The lack of withheld tax forwarding to the CRA, late filings and deferens on filings may spark an inquiry to an audit. If you employ people, there are administrative expectations: the need to deduct tax payment as computed according to the income tax law, and eventually forwarding the same to the CRA, for example. To prevent this type of audit from happening, correct calculation, deduction and substantial record keeping should be the norm in your business. We specialize in these kinds of auditor transparency meetings to ensure we provide valid explanations on what you have done in the past, what your present options are and what to look forward to, for you and your business in the future. 

● GST/HST Audit 

Being in business of products subject to GST or HST means your business should have in-depth knowledge as to what tax/taxes are to be passed to the end-consumer and the right calculation on the amount you will charge. Your records should show accuracy and should match across all returns made, income, GST/HST and the likes. If you have a transparent and accurate record-keeping habit, this kind of audit can be resolved on its own for the inquiry’s purpose is cross-validation at its core. Most corporate audits that resulted in a tax liability where the business ended up owing the CRA funds would most likely be followed up with a GST/HST audit. As representative of most companies being subjected to such audits, it is a must to ensure that all proofs or documentation shows a clear directive as to who paid the GST or HST and remittance of the same to the government regardless of the economic condition. 
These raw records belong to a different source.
definition moment_decay :: "real \<Rightarrow> real \<Rightarrow> real \<Rightarrow> nat \<Rightarrow> real \<Rightarrow> real \<Rightarrow> real \<Rightarrow> bool" where
  "moment_decay \<eta> A a n C d s \<longleftrightarrow> (\<forall>D \<delta> \<kappa> \<Phi> \<xi>. admissible \<eta> A a D \<delta> \<kappa> \<Phi> \<longrightarrow> \<bar>\<xi>\<bar> > xi0 \<delta> \<kappa> \<longrightarrow>
     norm (fourier_moment \<Phi> (D/2) n \<xi>) \<le> C * D powr d * envelope \<eta> s \<delta> (xi0 \<delta> \<kappa>) \<xi>)"

lemma admissible_continuous_on:
  "admissible \<eta> A a D \<delta> \<kappa> \<Phi> \<Longrightarrow> continuous_on UNIV \<Phi>"
  unfolding admissible_def by (blast intro: smooth_real_imp_continuous_on)

lemma admissible_fourier_eq:
  "admissible \<eta> A a D \<delta> \<kappa> \<Phi> \<Longrightarrow> fourier \<Phi> = fourier_moment \<Phi> (D/2) 0"
  by (intro fourier_eq_fourier_moment admissible_continuous_on) (auto simp: admissible_def)

lemma admissible_norm_fourier_moment_le:
  assumes "admissible \<eta> A a D \<delta> \<kappa> \<Phi>"
  shows "norm (fourier_moment \<Phi> (D/2) k \<xi>) \<le> 4^k * D powr (real k + 1)"
proof -
  have D: "D \<ge> 2" and supp: "\<And>x. \<bar>x\<bar> > D/2 \<Longrightarrow> \<Phi> x = 0"
    and L2: "(LINT x|lborel. (cmod (\<Phi> x))\<^sup>2) = 1"
    using assms by (auto simp: admissible_def)
  have cont: "continuous_on UNIV \<Phi>"
    using assms by (rule admissible_continuous_on)
  have "continuous_on UNIV (\<lambda>x. (cmod (\<Phi> x))\<^sup>2)"
    using cont by (intro continuous_intros)
  then have "integral {-D/2..D/2} (\<lambda>x. (cmod (\<Phi> x))\<^sup>2) = 1"
    using integral_lborel_eq_integral_interval[of "\<lambda>x. (cmod (\<Phi> x))\<^sup>2" "D/2"] supp L2
    by auto
  then have "norm (fourier_moment \<Phi> (D/2) k \<xi>) \<le> (2*pi*(D/2))^k * ((2*(D/2) + 1)/2)"
    using D by (intro norm_fourier_moment_le continuous_on_subset[OF cont]) auto
  also have "\<dots> \<le> (4*D)^k * D"
  proof (rule mult_mono)
    show "(2*pi*(D/2))^k \<le> (4*D)^k"
      using D pi_less_4 by (intro power_mono) auto
  qed (use D in auto)
  also have "\<dots> = 4^k * D powr (real k + 1)"
    using D by (simp add: powr_add powr_realpow power_mult_distrib)
  finally show ?thesis .
qed

lemma moment_decay_0:
  assumes "A > 0"
  shows "moment_decay \<eta> A a 0 A (1/2) a"
  unfolding moment_decay_def
proof (intro allI impI)
  fix D \<delta> \<kappa> \<Phi> \<xi>
  assume adm: "admissible \<eta> A a D \<delta> \<kappa> \<Phi>"
  then have "norm (fourier_moment \<Phi> (D/2) 0 \<xi>) \<le> sqrt \<delta> * A * envelope \<eta> a \<delta> (xi0 \<delta> \<kappa>) \<xi>"
    using admissible_fourier_eq[OF adm] by (simp add: admissible_def)
  also have "\<dots> \<le> A * D powr (1/2) * envelope \<eta> a \<delta> (xi0 \<delta> \<kappa>) \<xi>"
    using adm assms envelope_pos[of \<eta> a \<delta> "xi0 \<delta> \<kappa>" \<xi>]
    by (intro mult_right_mono) (auto simp: admissible_def powr_half_sqrt)
  finally show "norm (fourier_moment \<Phi> (D/2) 0 \<xi>) \<le> A * D powr (1/2) * envelope \<eta> a \<delta> (xi0 \<delta> \<kappa>) \<xi>" .
qed

lemma moment_decay_Suc:
  assumes "\<eta> < 1" "C > 0" "s > 0" "moment_decay \<eta> A a n C d s"
  shows "moment_decay \<eta> A a (Suc n) (2 * C + 3 * 4^(n+2)) (max d (real n + 3)) (s/2)"
  unfolding moment_decay_def
proof (intro allI impI)
  fix D \<delta> \<kappa> \<Phi> \<xi>
  assume adm: "admissible \<eta> A a D \<delta> \<kappa> \<Phi>" and \<xi>: "\<bar>\<xi>\<bar> > xi0 \<delta> \<kappa>"
  let ?F = "fourier_moment \<Phi> (D/2)" and ?E = "envelope \<eta> s \<delta> (xi0 \<delta> \<kappa>)"
  have D: "D \<ge> 2" and \<delta>: "\<delta> > 0" using adm by (auto simp: admissible_def)
  have cont: "continuous_on UNIV \<Phi>" using adm by (rule admissible_continuous_on)
  have z: "xi0 \<delta> \<kappa> \<ge> 0" using \<delta> by (simp add: xi0_def)
  define M where "M = 4^Suc (Suc n) * D powr (real (Suc (Suc n)) + 1)"
  define h where "h = sqrt (?E \<xi>)"
  have h: "h > 0" "h\<^sup>2 = ?E \<xi>"
    using envelope_pos[of \<eta> s \<delta> "xi0 \<delta> \<kappa>" \<xi>] by (auto simp: h_def)
  define b where "b = (if \<xi> > 0 then \<xi> + h else \<xi> - h)"
  have b: "\<bar>b - \<xi>\<bar> = h" "\<bar>b\<bar> > xi0 \<delta> \<kappa>" "?E b \<le> ?E \<xi>"
    using \<xi> h z \<delta> assms by (auto simp: b_def intro!: envelope_le_farther)
  have K: "C * D powr d > 0" using assms D by simp
  have "norm (?F (Suc n) \<xi>) \<le> (2 * (C * D powr d) + 3 * M) * h"
  proof (rule norm_derivative_le_interpolation)
    show "norm (?F n \<xi>) \<le> C * D powr d * h\<^sup>2"
      using assms(4) adm \<xi> h by (simp add: moment_decay_def)
    show "norm (?F n b) \<le> C * D powr d * h\<^sup>2"
      using assms(4) adm b h K by (smt (verit) moment_decay_def mult_left_mono)
    show "norm (?F (Suc (Suc n)) x) \<le> M" for x
      unfolding M_def by (rule admissible_norm_fourier_moment_le[OF adm])
  qed (use fourier_moment_has_vector_derivative[OF cont] b h in auto)
  also have "\<dots> \<le> (2 * (C * D powr d) + 3 * M) * envelope \<eta> (s/2) \<delta> (xi0 \<delta> \<kappa>) \<xi>"
    unfolding h_def using K by (intro mult_left_mono sqrt_envelope_le) (auto simp: M_def)
  also have "\<dots> \<le> (2 * C + 3 * 4^(n+2)) * D powr (max d (real n + 3))
      * envelope \<eta> (s/2) \<delta> (xi0 \<delta> \<kappa>) \<xi>"
  proof (rule mult_right_mono)
    have "D powr d \<le> D powr (max d (real n + 3))"
      "D powr (real (Suc (Suc n)) + 1) \<le> D powr (max d (real n + 3))"
      using D by (auto intro!: powr_mono)
    then show "2 * (C * D powr d) + 3 * M \<le> (2 * C + 3 * 4^(n+2)) * D powr (max d (real n + 3))"
      using assms by (simp add: M_def algebra_simps add_mono mult_left_mono)
  qed (rule less_imp_le[OF envelope_pos])
  finally show "norm (?F (Suc n) \<xi>) \<le> (2 * C + 3 * 4^(n+2)) * D powr (max d (real n + 3))
      * envelope \<eta> (s/2) \<delta> (xi0 \<delta> \<kappa>) \<xi>" .
qed

lemma ex_moment_decay:
  assumes "\<eta> < 1" "A > 0" "a > 0"
  shows "\<exists>C d s. C > 0 \<and> d > 0 \<and> s > 0 \<and> moment_decay \<eta> A a n C d s"
proof (induction n)
  case 0
  show ?case
    using moment_decay_0[OF assms(2)] assms by (intro exI[of _ A] exI[of _ "1/2"] exI[of _ a]) auto
next
  case (Suc n)
  then obtain C d s where "C > 0" "d > 0" "s > 0" "moment_decay \<eta> A a n C d s"
    by blast
  then show ?case
    using moment_decay_Suc[OF assms(1)]
    by (intro exI[of _ "2 * C + 3 * 4^(n+2)"] exI[of _ "max d (real n + 3)"] exI[of _ "s/2"])
       (auto intro: add_pos_pos)
qed

theorem corollary1:
  fixes \<eta> A a :: real
  assumes "0 < \<eta>" "\<eta> < 1" "A > 0" "a > 0"
  shows "\<forall>n::nat. \<exists>C d s :: real. C > 0 \<and> d > 0 \<and> s > 0 \<and>
    (\<forall>(D::real) (\<delta>::real) (\<kappa>::nat) (\<Phi>::real \<Rightarrow> complex).
       D \<ge> 2 \<longrightarrow> 0 < \<delta> \<longrightarrow> \<delta> \<le> D \<longrightarrow>
       smooth_real \<Phi> \<longrightarrow>
       (\<forall>x. \<bar>x\<bar> > D / 2 \<longrightarrow> \<Phi> x = 0) \<longrightarrow>
       (LINT x|lborel. (cmod (\<Phi> x))\<^sup>2) = 1 \<longrightarrow>
       (let \<xi>\<^sub>0 = (2 * real \<kappa> + 1) / (4 * \<delta>) in
         (\<forall>\<xi>. cmod (fourier \<Phi> \<xi>) \<le> sqrt \<delta> * A *
              (exp (- a * (\<delta> * \<bar>\<xi> - \<xi>\<^sub>0\<bar>) powr (1 - \<eta>))
               + exp (- a * (\<delta> * \<bar>\<xi> + \<xi>\<^sub>0\<bar>) powr (1 - \<eta>)))) \<longrightarrow>
         (\<forall>\<xi>. \<bar>\<xi>\<bar> > \<xi>\<^sub>0 \<longrightarrow>
            cmod (vderiv_iter n (fourier \<Phi>) \<xi>) \<le> C * D powr d *
              (exp (- s * (\<delta> * \<bar>\<xi> - \<xi>\<^sub>0\<bar>) powr (1 - \<eta>))
               + exp (- s * (\<delta> * \<bar>\<xi> + \<xi>\<^sub>0\<bar>) powr (1 - \<eta>))))))"
proof -
  obtain C d s :: "nat \<Rightarrow> real" where pos: "\<And>n. C n > 0 \<and> d n > 0 \<and> s n > 0"
    and decay: "\<And>n. moment_decay \<eta> A a n (C n) (d n) (s n)"
    using ex_moment_decay[OF assms(2-4)] by metis
  have "cmod (vderiv_iter n (fourier \<Phi>) \<xi>) \<le> C n * D powr d n * envelope \<eta> (s n) \<delta> (xi0 \<delta> \<kappa>) \<xi>"
    if "admissible \<eta> A a D \<delta> \<kappa> \<Phi>" "\<bar>\<xi>\<bar> > xi0 \<delta> \<kappa>" for n D \<delta> \<kappa> \<Phi> \<xi>
    using decay[of n] that
    by (simp add: moment_decay_def admissible_fourier_eq vderiv_iter_fourier_moment admissible_continuous_on)
  then show ?thesis
    unfolding Let_def
    apply (intro allI)
    subgoal for n
      using pos[of n] unfolding admissible_def envelope_def xi0_def
      by (intro exI[of _ "C n"] exI[of _ "d n"] exI[of _ "s n"]) auto
    done
qed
Why The Live CFO is the Best Representation you can have to handle your CRA Audits and Assessments: 

We round up the feedback and high praises for the work our managers have done in the past 2 decades and more in representing clients to the CRA. Here are the reasons you may be looking for representation: 

  1. We understand your business and your rights. 

It is mandatory for us to learn the scope, the ins and outs, the legacy you are trying to build and the role you or your business play in the society to ensure we share the same vision and mission in keeping your company on the goals you want to achieve. Our industry experiences ensure that you and your rights are respected and enforced on all fronts. We know when to compromise with the CRA and how to get you the best solution available. 

  1. We speak the same language as the auditor

We have developed our own means of conversing with auditors; our method focuses on keeping you and your best interest as a priority while working towards the best possible solution you can avail with the CRA. It is a must for us to exhaust all possible means to ensure we are on the same page as the auditor and that we both achieve the goals that the government has provided with the goals you are trying to achieve as well. We respect your requests for disclosures and favorable resolutions and we have our own ways in achieving them that you will not find in any other firm than us. 

  1. We are objective and share the same goals as you. 

We do not let our emotions get into the way of finding the best resolution possible for you or your business. We share the same sentiments and we ensure that your reputation and established role in the lives of your customers will be highlighted as factors to be considered in our dealings on your behalf. Our clients would share personal experiences where we have given them the best version of the representation they have ever gotten due to our standards and 5 levels of professionalism mandated on all our dealings. We make your business personable through legal and objective means. 

We are here to work with you to get the best possible results, ensure your rights are protected and to guide you to the best ways in addressing your tax audit and to negotiate the best possible outcome while you achieve your business goals.